Last week, the much-anticipated Montana loop road trip took place, and it was indeed epic. As in, of epic proportions. Someone could write an epic (poem) about it. We didn’t trick the Cyclops or not-succumb to the sirens, but did Homer sail 1800 miles in 5 days? I doubt it.
I’ve lived in Montana close to three decades and had never experienced some of what I saw last week, and I’m so thankful for the opportunity. My sister Joan, a sound editor, came along and did the recording — audio, video, still images, — which freed me up to take care of the planning, the talking, and much of the driving. Her expertise will certainly become obvious when I am able to assemble some of the recordings into course materials, because the quality will be excellent.
On Monday1 we spent the afternoon driving all around the Crow Reservation with my language partner there. We visited their gorgeous new dance arbor. All three of us pressed our noses against the wood and smelled of it, gorgeous to look at and to inhale. We saw the camp that our friend sets up each year for Crow Fair, and then drove way out to Okabeh, a dammed spot on the Bighorn River. We spun back to Billings from there and after twelve hours in the car, I was finally able to stretch out in a hotel room.
Tuesday we looped northeast through badlands and prairie toward the Fort Peck Reservation. The only thing as constant as the wind were the grasshoppers which, by the end of the trip, had pasted themselves across the front of my vehicle in what can only be described as a car bra. How unfortunate. I confess, though, I wildly underestimated eastern Montana, at least the I-94—>Terry—>Wolf Point portion that I saw.

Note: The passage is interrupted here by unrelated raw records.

lemma Mset_subset_if_mval_eq:
  assumes nonneg: "\<And>u. u \<in> H1 \<Longrightarrow> 0 \<le> Ifun Q u" and le: "\<And>u. u \<in> H1 \<Longrightarrow> Q u \<le> Q' u"
    and eq: "mval Q' = mval Q"
  shows "Mset Q' \<subseteq> Mset Q"
proof
  fix u assume "u \<in> Mset Q'"
  then have u: "u \<in> H1" "u \<noteq> (\<lambda>x. 0)" "Ifun Q' u / (sup_norm u)\<^sup>2 = mval Q"
    unfolding Mset_def eq by auto
  have "Ifun Q u / (sup_norm u)\<^sup>2 \<le> Ifun Q' u / (sup_norm u)\<^sup>2"
    using le[OF u(1)] unfolding Ifun_def by (intro divide_right_mono) auto
  with u mval_le_ratio[OF nonneg u(1,2)] show "u \<in> Mset Q"
    unfolding Mset_def by auto
qed

section \<open>Near-minimizers vanishing near the origin\<close>

lemma exists_small_square_value:
  fixes u :: "real \<Rightarrow> real"
  assumes ui: "integrable lborel (\<lambda>x. (u x)\<^sup>2)" and S: "(LINT x|lborel. (u x)\<^sup>2) \<le> S" and \<delta>: "0 < \<delta>"
  shows "\<exists>c. s \<le> c \<and> c \<le> s + S / \<delta> + 1 \<and> (u c)\<^sup>2 \<le> \<delta>"
proof (rule ccontr)
  assume "\<nexists>c. s \<le> c \<and> c \<le> s + S / \<delta> + 1 \<and> (u c)\<^sup>2 \<le> \<delta>"
  then have big: "\<delta> < (u c)\<^sup>2" if "c \<in> {s..s + S / \<delta> + 1}" for c
    using that by (metis atLeastAtMost_iff not_le)
  have "0 \<le> (LINT x|lborel. (u x)\<^sup>2)" by simp
  then have "0 \<le> S" using S by linarith
  then have T: "0 \<le> S / \<delta> + 1" using \<delta> by simp
  have "\<delta> * (S / \<delta> + 1) = (LINT x|lborel. \<delta> * indicator {s..s + S / \<delta> + 1} x)"
    using T by (simp add: emeasure_lborel_Icc_eq)
  also have "\<dots> \<le> (LINT x|lborel. (u x)\<^sup>2)"
  proof (rule integral_mono)
    show "\<delta> * indicator {s..s + S / \<delta> + 1} x \<le> (u x)\<^sup>2" for x
      using big[of x] by (auto simp: indicator_def less_imp_le)
  qed (use ui integrable_Icc_indicator in auto)
  also have "\<dots> \<le> S" by (rule S)
  finally have "S + \<delta> \<le> S" using \<delta> by (simp add: distrib_left)
  then show False using \<delta> by linarith
qed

We crossed the Missouri River and met our Nakoda language partner in her classroom in Wolf Point. We recorded a little, but the wind singing to us under the door was persistent. “Welcome to the HiLine,” our friend said with a shrug. I was told to stay at the Cottonwood Inn in Glasgow, a ways west of Wolf Point, so after a bit, we pointed the car that direction in search of dinner and our hotel.
In the morning we nabbed some coffee at The Loaded Toad and were approached by a reporter for Montana PBS, because Joan goes nowhere without her gear on her head/around her neck/in her hand, and this attracts attention. The reporter happened to be in Glasgow because of a hereditary ice cream truck situation; that’s all I know, people. You’ll have to look it up.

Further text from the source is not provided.